Here is the forward path along which we must march if the thousand-year feud between Gaul and Teuton is to pass from its fierce destructive life into the fading romance of history. Here are two men who have fought and struggled on opposite sides through the utmost stresses of our times and both see clearly the guidance they should give. Do not let all this be cast away for small thoughts and wasteful recriminations and memories which, if they are not to be buried, may ruin the lives of our children and our children’s children. It may be that this year, 1950, on which we have entered in so much perplexity and dispute, can be made the occasion for launching Europe on its voyage to peace with honour. Let us make sure that we play our part in turning thought into action and action into fame.“ Es kam anders. Aus der Opposition heraus konnte Churchill die Regierung nicht überzeugen, an der Montan-Union teilzunehmen. Was wäre geworden, wenn Churchill 1950 Premierminister gewesen wäre? Johnsons Argumente resümieren wir hier nur kurz, möglicherweise hätte England bei der Montan-Union mitgemacht – zu englischen Bedingungen, um „die Rolle als Sponsor, des Zeugen, nicht die der beteiligten Partei“ zu spielen. Die Gegner Europas haben es leicht, bei Churchill ihre Argumente zu finden, solange sie auswählen und nicht alles lesen: 1930 steht in einem Zeitungsartikel von Churchill etwas über die drei Rollen Großbritanniens: Europäische Nation, Mittelpunkt des British Empires und Partnerland der englischsprachigen Welt – alles gleichzeitig. (vgl. S. 347)… Wäre Churchill 1948 Premierminister geworden, dann hätte er Europa seinen Churchill-Faktor aufgedrückt, dann wäre ein EU-Modell entstanden, angelsächsischer orientiert und demokratischer. (vgl. S. 348) Also, aus diesem Buch können Europakritiker in England lernen, wieso die EU und der Gedanke der Vereinigten Staaten von Europa wichtig ist, und die Befürworter können lernen, wie sie ihre Position noch besser vertreten können.

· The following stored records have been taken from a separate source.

(* Let $P_0,P_1,P_2\in\mathbb H$ be distinct, let $\varepsilon\in\{-1,1\}$, and for $i\in\mathbb Z/3\mathbb Z$ let $$R_i:=\frac{\sqrt{1-2\langle P_{i+1},P_{i+2}\rangle}(P_{i+1}+P_{i+2})+\varepsilon P_{i+1}\tilde\times P_{i+2}}{\sqrt3(1-\langle P_{i+1},P_{i+2}\rangle)}.$$ Let $\alpha:=-1+\langle P_0,P_1\rangle+\langle P_1,P_2\rangle+\langle P_2,P_0\rangle$, $\chi:=\langle P_0\tilde\times P_1,P_2\rangle$, $d_i:=\sqrt{1-2\langle P_{i+1},P_{i+2}\rangle}$ and $\gamma:=3(d_0^2+1)(d_1^2+1)(d_2^2+1)$. Then for every $i\in\mathbb Z/3\mathbb Z$, $$\gamma\langle R_{i+1},R_{i+2}\rangle=(d_i^2+1)\Bigl(4\bigl(\alpha d_{i+1}d_{i+2}+\varepsilon\chi(d_{i+1}+d_{i+2})\bigr)-(d_{i+1}^2-1)(d_{i+2}^2-1)+2(d_i^2-1)\Bigr)$$ and $$\gamma\bigl(\langle R_{i+2},R_i\rangle-\langle R_i,R_{i+1}\rangle\bigr)=4(d_{i+2}-d_{i+1})\Bigl(\alpha(d_0+d_1+d_2-d_0d_1d_2)+\varepsilon\chi(1-d_0d_1-d_1d_2-d_2d_0)\Bigr).$$
   Context: $\langle v,w\rangle=-v_1w_1+v_2w_2+v_3w_3$ on $\mathbb R^3$; $\mathbb H=\{P\in\mathbb R^3:\langle P,P\rangle=-1,\ P_1\ge1\}$; $v\tilde\times w:=J(v\times w)$ with $J=\mathrm{diag}(-1,1,1)$ and $\times$ the Euclidean cross product. $R_i$ is the centroid of the equilateral triangle erected (on the side determined by $\varepsilon$) on the side $P_{i+1}P_{i+2}$, i.e. the vertices of the Napoleonization of $P_0P_1P_2$. *)

theory Defs
  imports "HOL-Analysis.Analysis" "HOL-Analysis.Cross3"
begin

definition mink :: "real^3 \<Rightarrow> real^3 \<Rightarrow> real" where
  "mink v w = - (v$1 * w$1) + v$2 * w$2 + v$3 * w$3"

text \<open>Hyperboloid model of the hyperbolic plane.\<close>
definition hyp :: "(real^3) set" where
  "hyp = {P. mink P P = -1 \<and> P$1 \<ge> 1}"

definition lcross :: "real^3 \<Rightarrow> real^3 \<Rightarrow> real^3" where
  "lcross v w = (\<chi> k. (if k = 1 then -1 else 1) * (cross3 v w) $ k)"

text \<open>Indices in Z/3Z are represented by naturals taken mod 3.\<close>
definition napR :: "real \<Rightarrow> (nat \<Rightarrow> real^3) \<Rightarrow> nat \<Rightarrow> real^3" where
  "napR eps P i =
     (let A = P ((i + 1) mod 3); B = P ((i + 2) mod 3) in
       (1 / (sqrt 3 * (1 - mink A B))) *\<^sub>R
         (sqrt (1 - 2 * mink A B) *\<^sub>R (A + B) + eps *\<^sub>R lcross A B))"

definition napd :: "(nat \<Rightarrow> real^3) \<Rightarrow> nat \<Rightarrow> real" where
  "napd P i = sqrt (1 - 2 * mink (P ((i + 1) mod 3)) (P ((i + 2) mod 3)))"

end

theory Submission
  imports Defs
begin

text \<open>
  Up to the factor 1 / (sqrt 3 (1 - <P,Q>)), the vertex erected on PQ is
  sqrt (1 - 2<P,Q>) (P + Q) + eps lcross P Q. Expanding the Minkowski product of two such
  vertices bilinearly, the Lorentzian Lagrange identity
  <a \<times> b, c \<times> d> = <a,d><b,c> - <a,c><b,d>, the cyclic symmetry of the triple product
  chi and <P,P> = -1 reduce everything to the pairings <P_j,P_k>. By the reverse
  Cauchy--Schwarz inequality these are at most -1 on the hyperboloid, so the square roots
  are real and <P_j,P_k> = (1 - d^2)/2, which makes the first identity polynomial. The second
  is the difference of two rotated instances of the first, using
  alpha = (1 - d_0^2 - d_1^2 - d_2^2)/2.
\<close>

lemma mink_sym: "mink v w = mink w v"
  unfolding mink_def by (simp add: algebra_simps)

lemma mink_add_left: "mink (u + v) w = mink u w + mink v w"
  and mink_add_right: "mink u (v + w) = mink u v + mink u w"
  and mink_scaleR_left: "mink (a *\<^sub>R v) w = a * mink v w"
  and mink_scaleR_right: "mink v (a *\<^sub>R w) = a * mink v w"
  unfolding mink_def by (simp_all add: algebra_simps)

lemma lcross_components:
  "lcross u v = vector [-(u$2 * v$3 - u$3 * v$2), u$3 * v$1 - u$1 * v$3, u$1 * v$2 - u$2 * v$1]"
  unfolding lcross_def cross3_def by (simp add: vec_eq_iff forall_3)

lemma mink_lcross_left_self: "mink (lcross u v) u = 0"
  and mink_lcross_right_self: "mink (lcross u v) v = 0"
  unfolding mink_def lcross_components by (simp_all add: algebra_simps)

lemma mink_lcross_cyclic: "mink (lcross u v) w = mink (lcross v w) u"
  unfolding mink_def lcross_components by (simp add: algebra_simps)

lemma mink_lcross_lcross:
  "mink (lcross u v) (lcross w z) = mink u z * mink v w - mink u w * mink v z"
  unfolding mink_def lcross_components by (simp add: algebra_simps)

lemma mink_linear_combinations:
  "mink (a *\<^sub>R u + b *\<^sub>R v) (c *\<^sub>R w + d *\<^sub>R z)
    = a * c * mink u w + a * d * mink u z + b * c * mink v w + b * d * mink v z"
  unfolding mink_def by (simp add: algebra_simps)

lemma mink_napoleon_numerators:
  assumes "mink A A = -1"
  shows "mink (y *\<^sub>R (C + A) + e *\<^sub>R lcross C A) (x *\<^sub>R (A + B) + e *\<^sub>R lcross A B)
    = y * x * (mink A B + mink B C + mink C A - 1) + e * (y + x) * mink (lcross A B) C
      - e\<^sup>2 * (mink C A * mink A B + mink B C)"
proof -
  have sums: "mink (C + A) (A + B) = mink A B + mink B C + mink C A - 1"
    using assms by (simp add: mink_add_left mink_add_right mink_sym[of C B])
  have sum_cross: "mink (C + A) (lcross A B) = mink (lcross A B) C"
    by (simp add: mink_sym[of "C + A"] mink_add_right mink_lcross_left_self)
  have cross_sum: "mink (lcross C A) (A + B) = mink (lcross A B) C"
    by (simp add: mink_add_right mink_lcross_right_self mink_lcross_cyclic[of C A B])
  have crosses: "mink (lcross C A) (lcross A B) = - (mink C A * mink A B + mink B C)"
    using assms by (simp add: mink_lcross_lcross mink_sym[of C B])
  show ?thesis
    unfolding mink_linear_combinations sums sum_cross cross_sum crosses
    by (simp add: power2_eq_square algebra_simps)
qed

lemma hyp_mink_self: "P \<in> hyp \<Longrightarrow> mink P P = -1"
  unfolding hyp_def by simp

lemma hyp_mink_le:
  assumes "P \<in> hyp" "Q \<in> hyp"
  shows "mink P Q \<le> -1"
proof -
  let ?x = "P$1" and ?y = "P$2" and ?z = "P$3" and ?a = "Q$1" and ?b = "Q$2" and ?c = "Q$3"
  have P: "?x\<^sup>2 = 1 + ?y\<^sup>2 + ?z\<^sup>2" "?x \<ge> 1"
    and Q: "?a\<^sup>2 = 1 + ?b\<^sup>2 + ?c\<^sup>2" "?a \<ge> 1"
    using assms unfolding hyp_def mink_def by (auto simp: power2_eq_square)
  have "(?x * ?a)\<^sup>2 - (1 + ?y * ?b + ?z * ?c)\<^sup>2
      = (?y - ?b)\<^sup>2 + (?z - ?c)\<^sup>2 + (?y * ?c - ?z * ?b)\<^sup>2"
    unfolding power_mult_distrib P(1) Q(1) by (simp add: power2_eq_square algebra_simps)
  then have "(1 + ?y * ?b + ?z * ?c)\<^sup>2 \<le> (?x * ?a)\<^sup>2"
    by (metis add_nonneg_nonneg diff_ge_0_iff_ge zero_le_power2)
  then have "\<bar>1 + ?y * ?b + ?z * ?c\<bar> \<le> ?x * ?a"
    using P(2) Q(2) by (simp flip: abs_le_square_iff)
  then show ?thesis
    unfolding mink_def by linarith
qed

definition napoleon_vertex :: "real \<Rightarrow> real^3 \<Rightarrow> real^3 \<Rightarrow> real^3" where
  "napoleon_vertex eps X Y = (1 / (sqrt 3 * (1 - mink X Y))) *\<^sub>R
     (sqrt (1 - 2 * mink X Y) *\<^sub>R (X + Y) + eps *\<^sub>R lcross X Y)"

lemma napR_eq_napoleon_vertex:
  "napR eps P i = napoleon_vertex eps (P ((i + 1) mod 3)) (P ((i + 2) mod 3))"
  unfolding napR_def napoleon_vertex_def Let_def ..

lemma mink_napoleon_vertices:
  assumes "A \<in> hyp" "B \<in> hyp" "C \<in> hyp" and "eps\<^sup>2 = 1"
  defines "dA \<equiv> sqrt (1 - 2 * mink B C)" and "dB \<equiv> sqrt (1 - 2 * mink C A)"
    and "dC \<equiv> sqrt (1 - 2 * mink A B)"
  shows "3 * (dA\<^sup>2 + 1) * (dB\<^sup>2 + 1) * (dC\<^sup>2 + 1)
      * mink (napoleon_vertex eps C A) (napoleon_vertex eps A B)
    = (dA\<^sup>2 + 1) * (4 * ((-1 + mink A B + mink B C + mink C A) * dB * dC
        + eps * mink (lcross A B) C * (dB + dC)) - (dB\<^sup>2 - 1) * (dC\<^sup>2 - 1) + 2 * (dA\<^sup>2 - 1))"
proof -
  define a b c chi where "a = mink A B" and "b = mink B C" and "c = mink C A"
    and "chi = mink (lcross A B) C"
  define N where "N = dB * dC * (a + b + c - 1) + eps * (dB + dC) * chi - (c * a + b)"
  have "a \<le> -1" "b \<le> -1" "c \<le> -1"
    unfolding a_def b_def c_def using assms(1-3) hyp_mink_le by blast+
  then have squares: "dA\<^sup>2 = 1 - 2 * b" "dB\<^sup>2 = 1 - 2 * c" "dC\<^sup>2 = 1 - 2 * a"
    and nonzero: "3 * (1 - c) * (1 - a) \<noteq> 0"
    unfolding dA_def dB_def dC_def b_def c_def a_def by simp_all
  have "mink (napoleon_vertex eps C A) (napoleon_vertex eps A B) = N / (3 * (1 - c) * (1 - a))"
    unfolding napoleon_vertex_def mink_scaleR_left mink_scaleR_right
      dB_def[symmetric] dC_def[symmetric] mink_napoleon_numerators[OF hyp_mink_self[OF assms(1)]]
      assms(4) N_def a_def b_def c_def chi_def
    by (simp add: mult.assoc[symmetric])
  moreover have "3 * (dA\<^sup>2 + 1) * (dB\<^sup>2 + 1) * (dC\<^sup>2 + 1)
      = 4 * (dA\<^sup>2 + 1) * (3 * (1 - c) * (1 - a))"
    unfolding squares by (simp add: algebra_simps)
  ultimately have "3 * (dA\<^sup>2 + 1) * (dB\<^sup>2 + 1) * (dC\<^sup>2 + 1)
      * mink (napoleon_vertex eps C A) (napoleon_vertex eps A B)
      = 4 * (dA\<^sup>2 + 1) * N"
    using nonzero by simp
  also have "\<dots> = (dA\<^sup>2 + 1) * (4 * ((-1 + a + b + c) * dB * dC + eps * chi * (dB + dC))
      - (dB\<^sup>2 - 1) * (dC\<^sup>2 - 1) + 2 * (dA\<^sup>2 - 1))"
    unfolding N_def squares by (simp add: algebra_simps)
  finally show ?thesis
    unfolding a_def b_def c_def chi_def .
qed

lemma napoleon_difference_identity:
  fixes x y z alpha e chi :: real
  assumes "alpha = (1 - x\<^sup>2 - y\<^sup>2 - z\<^sup>2) / 2"
  shows "(y\<^sup>2 + 1) * (4 * (alpha * z * x + e * chi * (z + x))
          - (z\<^sup>2 - 1) * (x\<^sup>2 - 1) + 2 * (y\<^sup>2 - 1))
       - (z\<^sup>2 + 1) * (4 * (alpha * x * y + e * chi * (x + y))
          - (x\<^sup>2 - 1) * (y\<^sup>2 - 1) + 2 * (z\<^sup>2 - 1))
     = 4 * (z - y) * (alpha * (x + y + z - x * y * z) + e * chi * (1 - x * y - y * z - z * x))"
  unfolding assms by (simp add: field_simps) algebra

lemma napoleon_identities:
  assumes "A \<in> hyp" "B \<in> hyp" "C \<in> hyp" and "eps\<^sup>2 = 1"
  defines "alpha \<equiv> -1 + mink A B + mink B C + mink C A" and "chi \<equiv> mink (lcross A B) C"
    and "dA \<equiv> sqrt (1 - 2 * mink B C)" and "dB \<equiv> sqrt (1 - 2 * mink C A)"
    and "dC \<equiv> sqrt (1 - 2 * mink A B)"
  shows "3 * (dA\<^sup>2 + 1) * (dB\<^sup>2 + 1) * (dC\<^sup>2 + 1)
      * mink (napoleon_vertex eps C A) (napoleon_vertex eps A B)
      = (dA\<^sup>2 + 1) * (4 * (alpha * dB * dC + eps * chi * (dB + dC))
          - (dB\<^sup>2 - 1) * (dC\<^sup>2 - 1) + 2 * (dA\<^sup>2 - 1))"
    and "3 * (dA\<^sup>2 + 1) * (dB\<^sup>2 + 1) * (dC\<^sup>2 + 1)
      * (mink (napoleon_vertex eps A B) (napoleon_vertex eps B C)
         - mink (napoleon_vertex eps B C) (napoleon_vertex eps C A))
      = 4 * (dC - dB) * (alpha * (dA + dB + dC - dA * dB * dC)
          + eps * chi * (1 - dA * dB - dB * dC - dC * dA))"
proof -
  have alpha_rotations:
    "-1 + mink B C + mink C A + mink A B = alpha" "-1 + mink C A + mink A B + mink B C = alpha"
    unfolding alpha_def by simp_all
  have chi_rotations: "mink (lcross B C) A = chi" "mink (lcross C A) B = chi"
    unfolding chi_def by (metis mink_lcross_cyclic)+
  have gamma_rotations:
    "3 * (dB\<^sup>2 + 1) * (dC\<^sup>2 + 1) * (dA\<^sup>2 + 1) = 3 * (dA\<^sup>2 + 1) * (dB\<^sup>2 + 1) * (dC\<^sup>2 + 1)"
    "3 * (dC\<^sup>2 + 1) * (dA\<^sup>2 + 1) * (dB\<^sup>2 + 1) = 3 * (dA\<^sup>2 + 1) * (dB\<^sup>2 + 1) * (dC\<^sup>2 + 1)"
    by (simp_all only: mult_ac)
  show "3 * (dA\<^sup>2 + 1) * (dB\<^sup>2 + 1) * (dC\<^sup>2 + 1)
      * mink (napoleon_vertex eps C A) (napoleon_vertex eps A B)
      = (dA\<^sup>2 + 1) * (4 * (alpha * dB * dC + eps * chi * (dB + dC))
          - (dB\<^sup>2 - 1) * (dC\<^sup>2 - 1) + 2 * (dA\<^sup>2 - 1))"
    using mink_napoleon_vertices[OF assms(1-4)] unfolding alpha_def chi_def dA_def dB_def dC_def .
  have second: "3 * (dA\<^sup>2 + 1) * (dB\<^sup>2 + 1) * (dC\<^sup>2 + 1)
      * mink (napoleon_vertex eps A B) (napoleon_vertex eps B C)
      = (dB\<^sup>2 + 1) * (4 * (alpha * dC * dA + eps * chi * (dC + dA))
          - (dC\<^sup>2 - 1) * (dA\<^sup>2 - 1) + 2 * (dB\<^sup>2 - 1))"
    using mink_napoleon_vertices[OF assms(2,3,1,4)]
    unfolding alpha_rotations chi_rotations gamma_rotations
      dA_def[symmetric] dB_def[symmetric] dC_def[symmetric] .
  have third: "3 * (dA\<^sup>2 + 1) * (dB\<^sup>2 + 1) * (dC\<^sup>2 + 1)
      * mink (napoleon_vertex eps B C) (napoleon_vertex eps C A)
      = (dC\<^sup>2 + 1) * (4 * (alpha * dA * dB + eps * chi * (dA + dB))
          - (dA\<^sup>2 - 1) * (dB\<^sup>2 - 1) + 2 * (dC\<^sup>2 - 1))"
    using mink_napoleon_vertices[OF assms(3,1,2,4)]
    unfolding alpha_rotations chi_rotations gamma_rotations
      dA_def[symmetric] dB_def[symmetric] dC_def[symmetric] .
  have "mink A B \<le> -1" "mink B C \<le> -1" "mink C A \<le> -1"
    using assms(1-3) hyp_mink_le by blast+
  then have "alpha = (1 - dA\<^sup>2 - dB\<^sup>2 - dC\<^sup>2) / 2"
    unfolding alpha_def dA_def dB_def dC_def by simp
  moreover have "3 * (dA\<^sup>2 + 1) * (dB\<^sup>2 + 1) * (dC\<^sup>2 + 1)
      * (mink (napoleon_vertex eps A B) (napoleon_vertex eps B C)
         - mink (napoleon_vertex eps B C) (napoleon_vertex eps C A))
      = (dB\<^sup>2 + 1) * (4 * (alpha * dC * dA + eps * chi * (dC + dA))
          - (dC\<^sup>2 - 1) * (dA\<^sup>2 - 1) + 2 * (dB\<^sup>2 - 1))
        - (dC\<^sup>2 + 1) * (4 * (alpha * dA * dB + eps * chi * (dA + dB))
          - (dA\<^sup>2 - 1) * (dB\<^sup>2 - 1) + 2 * (dC\<^sup>2 - 1))"
    unfolding second[symmetric] third[symmetric] by (rule right_diff_distrib)
  ultimately show "3 * (dA\<^sup>2 + 1) * (dB\<^sup>2 + 1) * (dC\<^sup>2 + 1)
      * (mink (napoleon_vertex eps A B) (napoleon_vertex eps B C)
         - mink (napoleon_vertex eps B C) (napoleon_vertex eps C A))
      = 4 * (dC - dB) * (alpha * (dA + dB + dC - dA * dB * dC)
          + eps * chi * (1 - dA * dB - dB * dC - dC * dA))"
    using napoleon_difference_identity by simp
qed

theorem lemma4p1:
  fixes P :: "nat \<Rightarrow> real^3" and eps :: real and i :: nat
  assumes hP: "\<And>j. j < 3 \<Longrightarrow> P j \<in> hyp"
    and dist: "P 0 \<noteq> P 1" "P 1 \<noteq> P 2" "P 2 \<noteq> P 0"
    and eps: "eps \<in> {-1, 1}"
    and i: "i < 3"
  shows
    "let alpha = -1 + mink (P 0) (P 1) + mink (P 1) (P 2) + mink (P 2) (P 0);
         chi = mink (lcross (P 0) (P 1)) (P 2);
         d = napd P; R = napR eps P;
         gam = 3 * ((d 0)^2 + 1) * ((d 1)^2 + 1) * ((d 2)^2 + 1);
         i1 = (i + 1) mod 3; i2 = (i + 2) mod 3
     in gam * mink (R i1) (R i2) =
          ((d i)^2 + 1) * (4 * (alpha * d i1 * d i2 + eps * chi * (d i1 + d i2))
            - ((d i1)^2 - 1) * ((d i2)^2 - 1) + 2 * ((d i)^2 - 1))
      \<and> gam * (mink (R i2) (R i) - mink (R i) (R i1)) =
          4 * (d i2 - d i1) * (alpha * (d 0 + d 1 + d 2 - d 0 * d 1 * d 2)
            + eps * chi * (1 - d 0 * d 1 - d 1 * d 2 - d 2 * d 0))"
proof -
  have eps2: "eps\<^sup>2 = 1"
    using eps by auto
  have P: "P 0 \<in> hyp" "P 1 \<in> hyp" "P 2 \<in> hyp"
    using hP by simp_all
  have mods: "(0 + 1) mod 3 = (1::nat)" "(0 + 2) mod 3 = (2::nat)" "(1 + 1) mod 3 = (2::nat)"
    "(1 + 2) mod 3 = (0::nat)" "(2 + 1) mod 3 = (0::nat)" "(2 + 2) mod 3 = (1::nat)"
    by simp_all
  consider "i = 0" | "i = 1" | "i = 2"
    using i by linarith
  then show ?thesis
  proof cases
    case 1
    show ?thesis
      using napoleon_identities[OF P(1-3) eps2]
      unfolding Let_def 1 napR_eq_napoleon_vertex napd_def mods by simp
  next
    case 2
    show ?thesis
      using napoleon_identities[OF P(2,3,1) eps2]
      unfolding Let_def 2 napR_eq_napoleon_vertex napd_def mods
      by (simp only: mink_lcross_cyclic[of "P 0"] diff_diff_eq ac_simps)
  next
    case 3
    show ?thesis
      using napoleon_identities[OF P(3,1,2) eps2]
      unfolding Let_def 3 napR_eq_napoleon_vertex napd_def mods
      by (simp only: mink_lcross_cyclic[of "P 2", symmetric] diff_diff_eq ac_simps)
  qed
qed

end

Wieder ein zu langer Lesebericht, der aber durch dieses spannende Buch gerechtfertigt ist. Erst wenn man die Person Churchills in den beiden Weltkriegen kennengelernt hat, wenn man mit seine ungeheuren politischen Erfahrung vertraut ist, kann man sein Engagement für Europa verstehen. Die Länder sollte nie wieder Krieg miteinander führen, (vgl. S. 349) Und er nahm für sich in Anspruch, die Idee für den Gemeinsamen Markt gehabt zu haben. Das Bündnis zwischen Frankreich und Deutschland (Link von der Red. hinzugefügt, H.W.) war ihm genauso wichtig wie ein „Freihandel in einer riesigen Zone“. (S. 350)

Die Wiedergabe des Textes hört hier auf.